Dataset entries
___
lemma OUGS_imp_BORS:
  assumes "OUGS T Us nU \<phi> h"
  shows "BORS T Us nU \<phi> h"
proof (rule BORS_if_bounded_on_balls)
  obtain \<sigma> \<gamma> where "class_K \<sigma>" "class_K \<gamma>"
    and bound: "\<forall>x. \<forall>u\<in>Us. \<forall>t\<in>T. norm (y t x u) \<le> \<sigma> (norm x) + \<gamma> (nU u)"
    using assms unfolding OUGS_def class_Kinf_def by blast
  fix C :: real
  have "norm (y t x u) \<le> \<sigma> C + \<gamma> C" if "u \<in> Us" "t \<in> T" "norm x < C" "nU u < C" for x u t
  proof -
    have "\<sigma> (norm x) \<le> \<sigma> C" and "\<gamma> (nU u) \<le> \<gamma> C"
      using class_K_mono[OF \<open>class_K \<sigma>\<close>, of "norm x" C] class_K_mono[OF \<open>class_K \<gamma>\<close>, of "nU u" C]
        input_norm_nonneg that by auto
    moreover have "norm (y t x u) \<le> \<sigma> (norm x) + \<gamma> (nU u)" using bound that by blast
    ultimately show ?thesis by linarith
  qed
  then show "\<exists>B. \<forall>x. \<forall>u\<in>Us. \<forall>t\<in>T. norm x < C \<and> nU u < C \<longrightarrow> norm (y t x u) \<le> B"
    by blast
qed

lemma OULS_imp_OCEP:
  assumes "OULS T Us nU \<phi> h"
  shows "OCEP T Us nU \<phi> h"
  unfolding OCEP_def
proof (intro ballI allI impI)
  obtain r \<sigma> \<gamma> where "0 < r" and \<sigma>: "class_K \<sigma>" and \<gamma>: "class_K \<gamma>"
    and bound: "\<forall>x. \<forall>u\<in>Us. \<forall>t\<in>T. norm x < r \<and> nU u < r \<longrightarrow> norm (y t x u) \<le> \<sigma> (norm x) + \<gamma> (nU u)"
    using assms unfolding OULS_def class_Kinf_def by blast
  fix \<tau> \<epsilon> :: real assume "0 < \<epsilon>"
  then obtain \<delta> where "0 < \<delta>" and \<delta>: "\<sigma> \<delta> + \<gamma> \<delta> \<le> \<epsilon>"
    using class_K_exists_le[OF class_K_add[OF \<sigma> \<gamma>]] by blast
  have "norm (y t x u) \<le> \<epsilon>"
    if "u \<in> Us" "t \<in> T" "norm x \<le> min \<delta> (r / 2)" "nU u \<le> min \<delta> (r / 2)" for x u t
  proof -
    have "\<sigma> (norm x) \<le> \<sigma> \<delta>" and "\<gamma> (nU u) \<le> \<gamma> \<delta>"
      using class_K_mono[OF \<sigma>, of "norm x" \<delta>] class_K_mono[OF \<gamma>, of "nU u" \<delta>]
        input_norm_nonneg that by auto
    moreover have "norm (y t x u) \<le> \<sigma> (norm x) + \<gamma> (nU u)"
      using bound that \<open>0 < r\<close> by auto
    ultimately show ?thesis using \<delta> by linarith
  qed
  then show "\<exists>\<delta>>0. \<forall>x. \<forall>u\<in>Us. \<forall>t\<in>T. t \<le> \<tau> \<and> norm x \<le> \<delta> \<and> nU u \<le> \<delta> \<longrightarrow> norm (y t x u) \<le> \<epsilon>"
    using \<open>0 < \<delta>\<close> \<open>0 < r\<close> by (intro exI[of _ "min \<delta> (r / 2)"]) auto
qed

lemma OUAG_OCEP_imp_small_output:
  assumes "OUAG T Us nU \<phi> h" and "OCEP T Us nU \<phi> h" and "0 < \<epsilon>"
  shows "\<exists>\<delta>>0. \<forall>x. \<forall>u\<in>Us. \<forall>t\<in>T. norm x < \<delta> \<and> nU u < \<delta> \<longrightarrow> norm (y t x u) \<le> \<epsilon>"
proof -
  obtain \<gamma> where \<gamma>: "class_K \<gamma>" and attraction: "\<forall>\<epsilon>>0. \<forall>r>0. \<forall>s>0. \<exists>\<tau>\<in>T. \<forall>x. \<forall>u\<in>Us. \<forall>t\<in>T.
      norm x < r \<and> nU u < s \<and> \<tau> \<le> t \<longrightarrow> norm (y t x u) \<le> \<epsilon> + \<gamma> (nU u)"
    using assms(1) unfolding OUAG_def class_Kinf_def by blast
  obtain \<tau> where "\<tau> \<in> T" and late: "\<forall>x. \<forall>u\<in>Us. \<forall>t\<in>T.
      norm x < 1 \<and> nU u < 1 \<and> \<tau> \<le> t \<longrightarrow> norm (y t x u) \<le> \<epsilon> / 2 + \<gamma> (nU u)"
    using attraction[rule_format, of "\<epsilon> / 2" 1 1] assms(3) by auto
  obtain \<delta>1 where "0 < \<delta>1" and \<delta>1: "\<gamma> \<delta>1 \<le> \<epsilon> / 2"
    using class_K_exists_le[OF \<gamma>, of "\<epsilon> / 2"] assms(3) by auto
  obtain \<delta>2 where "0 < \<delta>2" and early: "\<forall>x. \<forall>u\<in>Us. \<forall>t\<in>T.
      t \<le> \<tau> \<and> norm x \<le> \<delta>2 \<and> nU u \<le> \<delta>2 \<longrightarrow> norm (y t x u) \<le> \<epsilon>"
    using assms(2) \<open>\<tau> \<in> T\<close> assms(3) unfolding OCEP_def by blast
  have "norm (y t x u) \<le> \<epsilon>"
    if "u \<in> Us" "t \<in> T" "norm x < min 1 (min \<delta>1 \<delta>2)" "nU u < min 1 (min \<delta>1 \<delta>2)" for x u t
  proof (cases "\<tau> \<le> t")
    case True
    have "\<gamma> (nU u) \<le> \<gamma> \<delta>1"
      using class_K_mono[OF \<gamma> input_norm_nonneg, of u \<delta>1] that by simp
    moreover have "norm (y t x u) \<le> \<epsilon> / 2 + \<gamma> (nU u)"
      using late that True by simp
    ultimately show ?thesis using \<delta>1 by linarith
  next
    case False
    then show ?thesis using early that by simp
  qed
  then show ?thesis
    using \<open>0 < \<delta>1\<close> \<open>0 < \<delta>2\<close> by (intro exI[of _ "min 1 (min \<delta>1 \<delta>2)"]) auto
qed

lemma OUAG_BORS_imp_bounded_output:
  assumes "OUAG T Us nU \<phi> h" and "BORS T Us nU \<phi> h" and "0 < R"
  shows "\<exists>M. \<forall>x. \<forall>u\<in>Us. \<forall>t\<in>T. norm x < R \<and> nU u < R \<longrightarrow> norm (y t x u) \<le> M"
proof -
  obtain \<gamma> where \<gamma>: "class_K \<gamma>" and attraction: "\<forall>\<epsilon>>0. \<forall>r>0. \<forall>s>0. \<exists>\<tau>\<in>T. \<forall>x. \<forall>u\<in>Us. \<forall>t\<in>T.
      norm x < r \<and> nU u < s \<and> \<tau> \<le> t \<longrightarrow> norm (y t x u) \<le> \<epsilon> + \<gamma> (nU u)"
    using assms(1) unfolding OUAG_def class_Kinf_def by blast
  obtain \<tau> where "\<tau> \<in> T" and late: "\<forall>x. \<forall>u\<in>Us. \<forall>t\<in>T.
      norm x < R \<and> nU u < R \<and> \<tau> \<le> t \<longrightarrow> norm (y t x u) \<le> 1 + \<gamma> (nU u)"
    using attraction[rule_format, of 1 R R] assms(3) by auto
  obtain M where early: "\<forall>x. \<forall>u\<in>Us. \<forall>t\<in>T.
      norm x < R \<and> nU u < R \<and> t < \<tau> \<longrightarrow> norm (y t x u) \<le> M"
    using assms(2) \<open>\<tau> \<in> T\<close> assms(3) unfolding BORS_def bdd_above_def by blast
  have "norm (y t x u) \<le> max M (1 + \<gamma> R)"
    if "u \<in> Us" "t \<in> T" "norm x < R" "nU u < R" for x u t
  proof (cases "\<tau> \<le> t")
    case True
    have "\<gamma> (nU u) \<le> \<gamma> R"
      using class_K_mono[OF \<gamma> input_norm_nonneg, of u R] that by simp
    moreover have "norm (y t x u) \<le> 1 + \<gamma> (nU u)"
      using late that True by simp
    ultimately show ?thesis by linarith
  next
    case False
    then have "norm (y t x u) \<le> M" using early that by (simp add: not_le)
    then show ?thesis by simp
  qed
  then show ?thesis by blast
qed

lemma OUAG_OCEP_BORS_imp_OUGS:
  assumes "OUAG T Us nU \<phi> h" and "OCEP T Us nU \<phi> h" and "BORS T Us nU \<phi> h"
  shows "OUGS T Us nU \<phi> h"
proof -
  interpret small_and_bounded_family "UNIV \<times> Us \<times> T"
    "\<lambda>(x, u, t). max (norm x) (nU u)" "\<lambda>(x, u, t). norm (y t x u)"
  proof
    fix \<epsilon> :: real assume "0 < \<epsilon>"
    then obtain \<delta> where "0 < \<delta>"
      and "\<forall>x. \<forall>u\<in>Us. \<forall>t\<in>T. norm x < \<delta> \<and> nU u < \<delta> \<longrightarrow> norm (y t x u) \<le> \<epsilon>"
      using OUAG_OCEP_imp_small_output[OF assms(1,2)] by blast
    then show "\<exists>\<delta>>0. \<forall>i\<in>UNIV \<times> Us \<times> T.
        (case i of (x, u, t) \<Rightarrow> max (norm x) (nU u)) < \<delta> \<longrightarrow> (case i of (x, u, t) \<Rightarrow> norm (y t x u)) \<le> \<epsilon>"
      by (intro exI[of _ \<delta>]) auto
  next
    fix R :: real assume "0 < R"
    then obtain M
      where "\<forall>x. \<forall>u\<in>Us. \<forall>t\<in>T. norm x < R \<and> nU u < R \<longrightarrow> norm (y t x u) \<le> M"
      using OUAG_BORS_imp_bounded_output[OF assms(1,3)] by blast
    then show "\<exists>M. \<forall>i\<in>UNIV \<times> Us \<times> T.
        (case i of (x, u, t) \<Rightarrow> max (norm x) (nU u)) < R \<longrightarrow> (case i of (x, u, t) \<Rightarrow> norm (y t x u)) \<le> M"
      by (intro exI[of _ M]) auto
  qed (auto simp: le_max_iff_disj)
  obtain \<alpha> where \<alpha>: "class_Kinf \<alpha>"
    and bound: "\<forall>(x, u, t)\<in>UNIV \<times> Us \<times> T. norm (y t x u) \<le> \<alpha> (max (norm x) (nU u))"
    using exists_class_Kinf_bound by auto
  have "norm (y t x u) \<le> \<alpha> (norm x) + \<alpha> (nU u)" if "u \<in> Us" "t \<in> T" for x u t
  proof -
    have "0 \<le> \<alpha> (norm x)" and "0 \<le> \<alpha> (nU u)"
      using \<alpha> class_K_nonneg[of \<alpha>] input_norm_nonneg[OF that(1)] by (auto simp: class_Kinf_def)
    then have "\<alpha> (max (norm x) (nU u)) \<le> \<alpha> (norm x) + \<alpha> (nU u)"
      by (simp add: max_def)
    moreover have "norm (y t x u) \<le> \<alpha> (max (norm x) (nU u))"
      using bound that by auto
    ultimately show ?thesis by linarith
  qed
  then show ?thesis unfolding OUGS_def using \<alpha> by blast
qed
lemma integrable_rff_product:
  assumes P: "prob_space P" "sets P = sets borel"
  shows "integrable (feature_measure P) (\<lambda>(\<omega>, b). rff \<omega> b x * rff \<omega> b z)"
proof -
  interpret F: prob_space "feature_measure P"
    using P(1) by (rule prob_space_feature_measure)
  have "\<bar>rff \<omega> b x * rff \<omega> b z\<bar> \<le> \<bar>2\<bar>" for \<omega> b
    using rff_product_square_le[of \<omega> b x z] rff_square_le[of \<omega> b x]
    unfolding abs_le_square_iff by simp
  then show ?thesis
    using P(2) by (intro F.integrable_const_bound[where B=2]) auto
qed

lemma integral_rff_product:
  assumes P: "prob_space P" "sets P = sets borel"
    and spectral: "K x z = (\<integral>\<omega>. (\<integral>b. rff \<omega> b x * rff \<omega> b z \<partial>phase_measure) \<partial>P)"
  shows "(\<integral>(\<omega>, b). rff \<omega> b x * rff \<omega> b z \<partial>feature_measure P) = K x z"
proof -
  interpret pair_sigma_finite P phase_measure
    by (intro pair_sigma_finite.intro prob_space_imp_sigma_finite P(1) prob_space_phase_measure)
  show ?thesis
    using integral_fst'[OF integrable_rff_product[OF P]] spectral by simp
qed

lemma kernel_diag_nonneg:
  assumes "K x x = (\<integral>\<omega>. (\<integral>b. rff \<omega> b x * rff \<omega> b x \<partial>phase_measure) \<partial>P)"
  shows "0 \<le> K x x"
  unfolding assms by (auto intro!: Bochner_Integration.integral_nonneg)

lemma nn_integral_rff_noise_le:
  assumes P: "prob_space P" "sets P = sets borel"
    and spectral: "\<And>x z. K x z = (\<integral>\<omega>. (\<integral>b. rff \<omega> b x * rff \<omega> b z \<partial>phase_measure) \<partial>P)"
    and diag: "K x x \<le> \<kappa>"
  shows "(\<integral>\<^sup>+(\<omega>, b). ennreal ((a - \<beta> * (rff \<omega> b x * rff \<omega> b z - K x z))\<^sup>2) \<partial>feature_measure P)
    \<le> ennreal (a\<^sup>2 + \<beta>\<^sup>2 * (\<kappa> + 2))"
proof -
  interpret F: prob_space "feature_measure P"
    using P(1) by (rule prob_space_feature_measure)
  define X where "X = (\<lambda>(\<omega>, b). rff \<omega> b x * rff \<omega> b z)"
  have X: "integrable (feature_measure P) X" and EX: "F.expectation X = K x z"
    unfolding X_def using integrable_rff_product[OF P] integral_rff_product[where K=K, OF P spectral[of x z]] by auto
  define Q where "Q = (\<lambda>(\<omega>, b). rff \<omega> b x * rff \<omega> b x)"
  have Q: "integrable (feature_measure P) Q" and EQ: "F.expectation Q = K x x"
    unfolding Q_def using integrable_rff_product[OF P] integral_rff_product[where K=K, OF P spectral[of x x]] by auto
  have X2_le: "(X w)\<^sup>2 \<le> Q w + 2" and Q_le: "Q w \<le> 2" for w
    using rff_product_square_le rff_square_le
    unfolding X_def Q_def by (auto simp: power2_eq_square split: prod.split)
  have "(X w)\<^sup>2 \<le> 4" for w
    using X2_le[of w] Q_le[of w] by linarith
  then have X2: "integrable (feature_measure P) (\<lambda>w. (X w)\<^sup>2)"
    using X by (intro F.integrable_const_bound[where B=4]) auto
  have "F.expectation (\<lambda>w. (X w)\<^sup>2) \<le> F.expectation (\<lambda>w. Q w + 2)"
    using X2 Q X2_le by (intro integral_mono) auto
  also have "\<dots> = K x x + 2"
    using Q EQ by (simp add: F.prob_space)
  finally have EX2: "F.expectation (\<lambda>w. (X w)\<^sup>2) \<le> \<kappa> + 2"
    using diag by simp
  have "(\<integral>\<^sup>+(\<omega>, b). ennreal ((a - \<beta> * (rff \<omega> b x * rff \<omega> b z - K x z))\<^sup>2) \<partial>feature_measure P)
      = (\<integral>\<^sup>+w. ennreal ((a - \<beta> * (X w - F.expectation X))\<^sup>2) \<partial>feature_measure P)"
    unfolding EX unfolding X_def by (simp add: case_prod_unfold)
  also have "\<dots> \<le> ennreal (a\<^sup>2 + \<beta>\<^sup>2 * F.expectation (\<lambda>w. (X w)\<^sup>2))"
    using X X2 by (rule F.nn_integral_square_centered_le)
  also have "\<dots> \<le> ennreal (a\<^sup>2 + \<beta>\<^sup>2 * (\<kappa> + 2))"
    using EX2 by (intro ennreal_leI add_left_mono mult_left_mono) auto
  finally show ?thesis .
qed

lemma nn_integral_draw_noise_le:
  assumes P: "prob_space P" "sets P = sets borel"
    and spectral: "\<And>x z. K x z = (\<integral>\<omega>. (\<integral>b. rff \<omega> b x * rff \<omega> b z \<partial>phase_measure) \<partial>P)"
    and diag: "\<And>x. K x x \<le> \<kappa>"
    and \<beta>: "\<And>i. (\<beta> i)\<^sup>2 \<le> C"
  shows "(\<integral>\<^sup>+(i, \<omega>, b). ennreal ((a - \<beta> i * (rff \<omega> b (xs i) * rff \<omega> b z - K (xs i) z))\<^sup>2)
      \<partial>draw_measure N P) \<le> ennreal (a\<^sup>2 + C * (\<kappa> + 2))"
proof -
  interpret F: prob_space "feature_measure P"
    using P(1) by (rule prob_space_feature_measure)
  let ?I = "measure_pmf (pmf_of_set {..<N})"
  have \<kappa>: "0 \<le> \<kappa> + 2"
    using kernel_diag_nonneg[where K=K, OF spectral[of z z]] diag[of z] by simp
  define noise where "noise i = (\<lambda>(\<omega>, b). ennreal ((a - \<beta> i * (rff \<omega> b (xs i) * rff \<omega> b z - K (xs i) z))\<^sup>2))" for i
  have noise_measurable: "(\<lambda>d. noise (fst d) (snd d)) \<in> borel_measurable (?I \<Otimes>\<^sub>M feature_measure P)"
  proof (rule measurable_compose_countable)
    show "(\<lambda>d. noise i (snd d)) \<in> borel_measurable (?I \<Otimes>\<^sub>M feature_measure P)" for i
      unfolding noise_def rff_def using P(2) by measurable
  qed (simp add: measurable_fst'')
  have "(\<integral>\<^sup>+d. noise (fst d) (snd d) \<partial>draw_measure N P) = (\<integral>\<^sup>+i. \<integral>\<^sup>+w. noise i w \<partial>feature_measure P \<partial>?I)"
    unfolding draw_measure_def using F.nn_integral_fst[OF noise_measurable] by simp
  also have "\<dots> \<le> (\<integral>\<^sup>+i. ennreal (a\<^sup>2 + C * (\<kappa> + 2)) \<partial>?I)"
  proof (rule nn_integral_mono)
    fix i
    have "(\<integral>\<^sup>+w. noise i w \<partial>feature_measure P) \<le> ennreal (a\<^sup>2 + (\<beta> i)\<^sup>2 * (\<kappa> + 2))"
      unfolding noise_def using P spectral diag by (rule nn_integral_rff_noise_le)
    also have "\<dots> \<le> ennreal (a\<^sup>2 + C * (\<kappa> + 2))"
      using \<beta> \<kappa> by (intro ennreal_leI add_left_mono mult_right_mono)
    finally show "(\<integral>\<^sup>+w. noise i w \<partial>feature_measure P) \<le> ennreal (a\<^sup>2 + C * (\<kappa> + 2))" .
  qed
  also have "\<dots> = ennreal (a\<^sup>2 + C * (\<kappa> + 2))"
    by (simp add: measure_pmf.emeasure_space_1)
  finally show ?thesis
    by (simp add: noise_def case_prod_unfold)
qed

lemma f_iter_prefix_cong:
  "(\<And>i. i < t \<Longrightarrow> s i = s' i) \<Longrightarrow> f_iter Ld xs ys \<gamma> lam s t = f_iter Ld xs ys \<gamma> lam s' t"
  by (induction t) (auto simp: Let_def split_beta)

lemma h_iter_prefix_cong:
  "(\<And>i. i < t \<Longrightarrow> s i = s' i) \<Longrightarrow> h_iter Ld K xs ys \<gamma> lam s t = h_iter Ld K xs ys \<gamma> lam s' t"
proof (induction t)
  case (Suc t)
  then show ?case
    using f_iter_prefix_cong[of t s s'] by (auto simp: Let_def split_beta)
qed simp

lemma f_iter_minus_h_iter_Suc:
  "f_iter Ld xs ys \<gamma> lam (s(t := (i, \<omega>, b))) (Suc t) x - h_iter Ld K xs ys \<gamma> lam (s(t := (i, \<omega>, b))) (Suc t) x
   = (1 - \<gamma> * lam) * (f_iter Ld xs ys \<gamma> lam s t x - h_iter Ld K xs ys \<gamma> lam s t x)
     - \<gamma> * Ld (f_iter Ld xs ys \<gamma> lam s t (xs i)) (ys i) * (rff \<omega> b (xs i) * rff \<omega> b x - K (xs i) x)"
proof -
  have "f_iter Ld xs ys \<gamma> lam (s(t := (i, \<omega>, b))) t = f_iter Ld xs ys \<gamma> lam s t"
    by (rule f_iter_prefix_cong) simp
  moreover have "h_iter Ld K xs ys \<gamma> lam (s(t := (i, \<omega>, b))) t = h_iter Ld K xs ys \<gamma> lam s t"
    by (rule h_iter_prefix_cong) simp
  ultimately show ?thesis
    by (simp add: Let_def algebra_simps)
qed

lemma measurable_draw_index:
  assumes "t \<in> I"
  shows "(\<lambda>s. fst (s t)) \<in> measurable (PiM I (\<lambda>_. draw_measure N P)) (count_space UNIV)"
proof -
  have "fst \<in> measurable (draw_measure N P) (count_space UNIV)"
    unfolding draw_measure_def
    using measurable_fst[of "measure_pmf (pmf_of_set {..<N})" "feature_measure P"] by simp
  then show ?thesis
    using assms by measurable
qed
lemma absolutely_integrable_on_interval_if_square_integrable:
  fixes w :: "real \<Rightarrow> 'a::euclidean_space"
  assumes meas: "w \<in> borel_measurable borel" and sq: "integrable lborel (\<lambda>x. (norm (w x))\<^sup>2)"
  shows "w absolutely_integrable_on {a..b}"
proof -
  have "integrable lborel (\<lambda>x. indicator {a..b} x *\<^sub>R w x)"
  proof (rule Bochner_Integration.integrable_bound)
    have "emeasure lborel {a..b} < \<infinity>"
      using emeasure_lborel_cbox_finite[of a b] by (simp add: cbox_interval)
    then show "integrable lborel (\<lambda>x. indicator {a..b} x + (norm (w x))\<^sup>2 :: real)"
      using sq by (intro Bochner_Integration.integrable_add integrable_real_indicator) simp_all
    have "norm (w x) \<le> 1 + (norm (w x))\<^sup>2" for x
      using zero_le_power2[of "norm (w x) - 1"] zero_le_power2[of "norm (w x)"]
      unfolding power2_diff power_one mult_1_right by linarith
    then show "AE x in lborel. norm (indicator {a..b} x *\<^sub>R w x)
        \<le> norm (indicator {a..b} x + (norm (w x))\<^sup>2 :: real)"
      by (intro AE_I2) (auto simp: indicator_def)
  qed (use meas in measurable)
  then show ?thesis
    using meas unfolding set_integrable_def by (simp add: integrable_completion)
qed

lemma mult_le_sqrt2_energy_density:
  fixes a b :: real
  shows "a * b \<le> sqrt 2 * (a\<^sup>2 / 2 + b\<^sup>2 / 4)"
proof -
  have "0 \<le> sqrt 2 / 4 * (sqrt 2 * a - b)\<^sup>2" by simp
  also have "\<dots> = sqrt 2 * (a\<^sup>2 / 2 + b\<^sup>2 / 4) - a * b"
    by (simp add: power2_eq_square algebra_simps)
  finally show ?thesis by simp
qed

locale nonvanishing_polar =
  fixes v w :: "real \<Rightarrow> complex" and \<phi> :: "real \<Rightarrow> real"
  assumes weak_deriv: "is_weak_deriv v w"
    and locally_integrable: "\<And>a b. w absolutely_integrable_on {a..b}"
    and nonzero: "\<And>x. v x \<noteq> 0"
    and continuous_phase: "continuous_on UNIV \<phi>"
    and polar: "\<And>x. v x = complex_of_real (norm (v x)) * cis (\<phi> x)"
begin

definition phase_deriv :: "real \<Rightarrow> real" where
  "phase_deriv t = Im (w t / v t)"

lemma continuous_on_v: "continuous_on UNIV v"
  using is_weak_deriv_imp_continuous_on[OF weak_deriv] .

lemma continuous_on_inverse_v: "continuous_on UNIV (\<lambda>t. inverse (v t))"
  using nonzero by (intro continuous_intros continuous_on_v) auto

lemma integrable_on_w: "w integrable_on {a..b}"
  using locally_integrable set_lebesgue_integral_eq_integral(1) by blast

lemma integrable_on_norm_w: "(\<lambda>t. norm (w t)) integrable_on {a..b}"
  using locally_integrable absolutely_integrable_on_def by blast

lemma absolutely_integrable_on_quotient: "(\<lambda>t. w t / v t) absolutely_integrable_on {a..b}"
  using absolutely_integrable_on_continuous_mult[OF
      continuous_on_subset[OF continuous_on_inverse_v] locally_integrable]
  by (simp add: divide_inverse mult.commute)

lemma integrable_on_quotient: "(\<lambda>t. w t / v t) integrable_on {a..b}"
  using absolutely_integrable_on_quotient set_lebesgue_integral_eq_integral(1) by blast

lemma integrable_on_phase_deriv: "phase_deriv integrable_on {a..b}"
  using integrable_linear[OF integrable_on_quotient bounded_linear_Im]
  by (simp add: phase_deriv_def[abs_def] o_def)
___
> What the task requires
Would you copy every line of the entries that includes the word "fixes"?

> Problem solution
  fixes w :: "real \<Rightarrow> 'a::euclidean_space"
  fixes a b :: real
  fixes v w :: "real \<Rightarrow> complex" and \<phi> :: "real \<Rightarrow> real"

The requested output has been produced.